■ DIRECTIONS FOR THIS TASK: Go through the data and retrieve each line that includes the string "forall".
***** PROVIDED ENTRIES
(* Let $A\in\mathbb{R}^{n\times n}$ and $T>0$. Suppose that for $x\in\mathbb{R}^n$, $W(x,T)=0$ (the zero matrix) implies $x=0$. Then the FTCSP $$\text{minimize } h_T(p)\quad\text{subject to } p\in X_T\cap\Delta$$ has a unique optimal solution, both for $h_T=f_T$ and for $h_T=g_T$.
   Context: For $T>0$ and $i=1,\dots,n$ let $e_i$ be the $i$-th standard basis vector of $\mathbb{R}^n$ and $W_i(T):=\int_0^T e^{At}e_ie_i^\top e^{A^\top t}\,dt$. For $p=(p_i)\in\mathbb{R}^n$ put $W(p,T):=\sum_{i=1}^n p_iW_i(T)$. Define $X_T:=\{p\in\mathbb{R}^n : W(p,T)\succ 0\}$ and $\Delta:=\{p\in\mathbb{R}^n:\sum_i p_i=1,\ p_i\ge 0\ \forall i\}$. On $X_T$ define $f_T(p):=-\log\det W(p,T)$ and $g_T(p):=\operatorname{tr}(W(p,T)^{-1})$. *)

theory Defs
  imports "HOL-Analysis.Analysis"
begin

primrec mat_pow :: "real^'n^'n \<Rightarrow> nat \<Rightarrow> real^'n^'n" where
  "mat_pow M 0 = mat 1"
| "mat_pow M (Suc k) = M ** mat_pow M k"

definition mat_exp :: "real^'n^'n \<Rightarrow> real^'n^'n" where
  "mat_exp M = (\<Sum>k. (1 / fact k) *\<^sub>R mat_pow M k)"

definition outer :: "real^'n \<Rightarrow> real^'n \<Rightarrow> real^'n^'n" where
  "outer u v = (\<chi> j k. u $ j * v $ k)"

definition pos_def :: "real^'n^'n \<Rightarrow> bool" where
  "pos_def M \<longleftrightarrow> transpose M = M \<and> (\<forall>x. x \<noteq> 0 \<longrightarrow> x \<bullet> (M *v x) > 0)"

definition Wi :: "real^'n^'n \<Rightarrow> 'n \<Rightarrow> real \<Rightarrow> real^'n^'n" where
  "Wi A i T = integral {0..T}
     (\<lambda>t. mat_exp (t *\<^sub>R A) ** outer (axis i 1) (axis i 1) ** mat_exp (t *\<^sub>R transpose A))"

definition Wp :: "real^'n^'n \<Rightarrow> real^'n \<Rightarrow> real \<Rightarrow> real^'n^'n" where
  "Wp A p T = (\<Sum>i\<in>UNIV. p $ i *\<^sub>R Wi A i T)"

definition XT :: "real^'n^'n \<Rightarrow> real \<Rightarrow> (real^'n) set" where
  "XT A T = {p. pos_def (Wp A p T)}"

definition std_simplex :: "(real^'n) set" where
  "std_simplex = {p. (\<Sum>i\<in>UNIV. p $ i) = 1 \<and> (\<forall>i. p $ i \<ge> 0)}"

definition fT :: "real^'n^'n \<Rightarrow> real \<Rightarrow> real^'n \<Rightarrow> real" where
  "fT A T p = - ln (det (Wp A p T))"

definition gT :: "real^'n^'n \<Rightarrow> real \<Rightarrow> real^'n \<Rightarrow> real" where
  "gT A T p = trace (matrix_inv (Wp A p T))"

end

theory Submission
  imports Defs
begin

text \<open>
  The map \<open>p \<mapsto> W(p,T)\<close> is linear, injective by hypothesis, and sends \<open>\<Delta>\<close> to positive
  semidefinite matrices. Since \<open>-log det\<close> and \<open>tr(\<cdot>\<^sup>-\<^sup>1)\<close> are strictly midpoint convex on
  positive definite matrices, both objectives are strictly midpoint convex on the midpoint-closed
  set \<open>X\<^sub>T \<inter> \<Delta>\<close>, so there is at most one minimiser. For existence, the uniform weights lie in
  \<open>X\<^sub>T\<close> because \<open>e\<^sup>0 = I\<close>, and the sublevel set through them is a compact subset of \<open>X\<^sub>T \<inter> \<Delta>\<close>.
\<close>

section \<open>Matrix algebra\<close>

lemma transpose_add: "transpose (A + B) = transpose A + transpose (B::real^'n^'n)"
  by (simp add: vec_eq_iff transpose_def)

lemma transpose_diff: "transpose (A - B) = transpose A - transpose (B::real^'n^'n)"
  by (simp add: vec_eq_iff transpose_def)

lemma matrix_add_rdistrib: "((B::real^'n^'n) + C) ** A = B ** A + C ** A"
  by (simp add: vec_eq_iff matrix_matrix_mult_def sum.distrib algebra_simps)

lemma matrix_diff_rdistrib: "((B::real^'n^'n) - C) ** A = B ** A - C ** A"
  by (simp add: vec_eq_iff matrix_matrix_mult_def sum_subtractf algebra_simps)

lemma matrix_diff_ldistrib: "(A::real^'n^'n) ** (B - C) = A ** B - A ** C"
  by (simp add: vec_eq_iff matrix_matrix_mult_def sum_subtractf algebra_simps)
**********
■ ANSWER AREA:
   Context: For $T>0$ and $i=1,\dots,n$ let $e_i$ be the $i$-th standard basis vector of $\mathbb{R}^n$ and $W_i(T):=\int_0^T e^{At}e_ie_i^\top e^{A^\top t}\,dt$. For $p=(p_i)\in\mathbb{R}^n$ put $W(p,T):=\sum_{i=1}^n p_iW_i(T)$. Define $X_T:=\{p\in\mathbb{R}^n : W(p,T)\succ 0\}$ and $\Delta:=\{p\in\mathbb{R}^n:\sum_i p_i=1,\ p_i\ge 0\ \forall i\}$. On $X_T$ define $f_T(p):=-\log\det W(p,T)$ and $g_T(p):=\operatorname{tr}(W(p,T)^{-1})$. *)
  "pos_def M \<longleftrightarrow> transpose M = M \<and> (\<forall>x. x \<noteq> 0 \<longrightarrow> x \<bullet> (M *v x) > 0)"
  "std_simplex = {p. (\<Sum>i\<in>UNIV. p $ i) = 1 \<and> (\<forall>i. p $ i \<ge> 0)}"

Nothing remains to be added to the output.